Starting from the line with "al * walk al", transcribe each line to the end of the records below. Copy them exactly and write nothing else.

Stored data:
..........
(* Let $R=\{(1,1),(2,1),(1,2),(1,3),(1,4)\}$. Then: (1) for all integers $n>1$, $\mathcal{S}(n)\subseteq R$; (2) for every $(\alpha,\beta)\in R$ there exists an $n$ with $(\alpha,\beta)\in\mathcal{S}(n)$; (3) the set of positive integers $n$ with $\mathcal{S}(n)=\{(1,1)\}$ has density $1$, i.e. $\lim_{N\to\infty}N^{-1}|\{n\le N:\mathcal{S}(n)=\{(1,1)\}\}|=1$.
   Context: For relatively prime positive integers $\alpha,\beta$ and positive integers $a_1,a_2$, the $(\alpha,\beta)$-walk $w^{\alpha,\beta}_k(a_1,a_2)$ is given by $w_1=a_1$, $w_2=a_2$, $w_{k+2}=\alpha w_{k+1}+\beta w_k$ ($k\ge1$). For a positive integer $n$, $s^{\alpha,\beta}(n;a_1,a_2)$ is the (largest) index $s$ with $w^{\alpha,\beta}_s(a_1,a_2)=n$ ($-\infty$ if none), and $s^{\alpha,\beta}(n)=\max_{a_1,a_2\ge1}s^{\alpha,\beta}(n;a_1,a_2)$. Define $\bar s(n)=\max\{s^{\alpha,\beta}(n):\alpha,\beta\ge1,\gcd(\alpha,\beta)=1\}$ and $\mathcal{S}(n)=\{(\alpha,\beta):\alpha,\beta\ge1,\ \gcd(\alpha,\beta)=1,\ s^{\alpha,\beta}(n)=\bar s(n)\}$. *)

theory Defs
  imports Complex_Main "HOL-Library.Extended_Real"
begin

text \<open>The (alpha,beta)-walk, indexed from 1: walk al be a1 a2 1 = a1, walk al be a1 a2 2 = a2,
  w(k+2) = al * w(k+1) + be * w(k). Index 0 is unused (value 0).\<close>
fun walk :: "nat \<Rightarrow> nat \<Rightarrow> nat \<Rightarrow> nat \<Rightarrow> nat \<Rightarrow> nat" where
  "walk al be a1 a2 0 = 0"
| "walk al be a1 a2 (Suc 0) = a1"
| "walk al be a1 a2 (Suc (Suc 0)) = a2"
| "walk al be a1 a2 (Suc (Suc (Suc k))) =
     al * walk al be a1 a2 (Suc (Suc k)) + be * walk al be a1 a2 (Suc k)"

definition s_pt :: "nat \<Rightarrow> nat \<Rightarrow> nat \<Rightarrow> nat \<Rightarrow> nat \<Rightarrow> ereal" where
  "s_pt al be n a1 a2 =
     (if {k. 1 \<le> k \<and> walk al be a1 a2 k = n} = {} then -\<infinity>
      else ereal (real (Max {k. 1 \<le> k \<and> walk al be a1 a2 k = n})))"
..........
[Expected output]
     al * walk al be a1 a2 (Suc (Suc k)) + be * walk al be a1 a2 (Suc k)"

definition s_pt :: "nat \<Rightarrow> nat \<Rightarrow> nat \<Rightarrow> nat \<Rightarrow> nat \<Rightarrow> ereal" where
  "s_pt al be n a1 a2 =
     (if {k. 1 \<le> k \<and> walk al be a1 a2 k = n} = {} then -\<infinity>
      else ereal (real (Max {k. 1 \<le> k \<and> walk al be a1 a2 k = n})))"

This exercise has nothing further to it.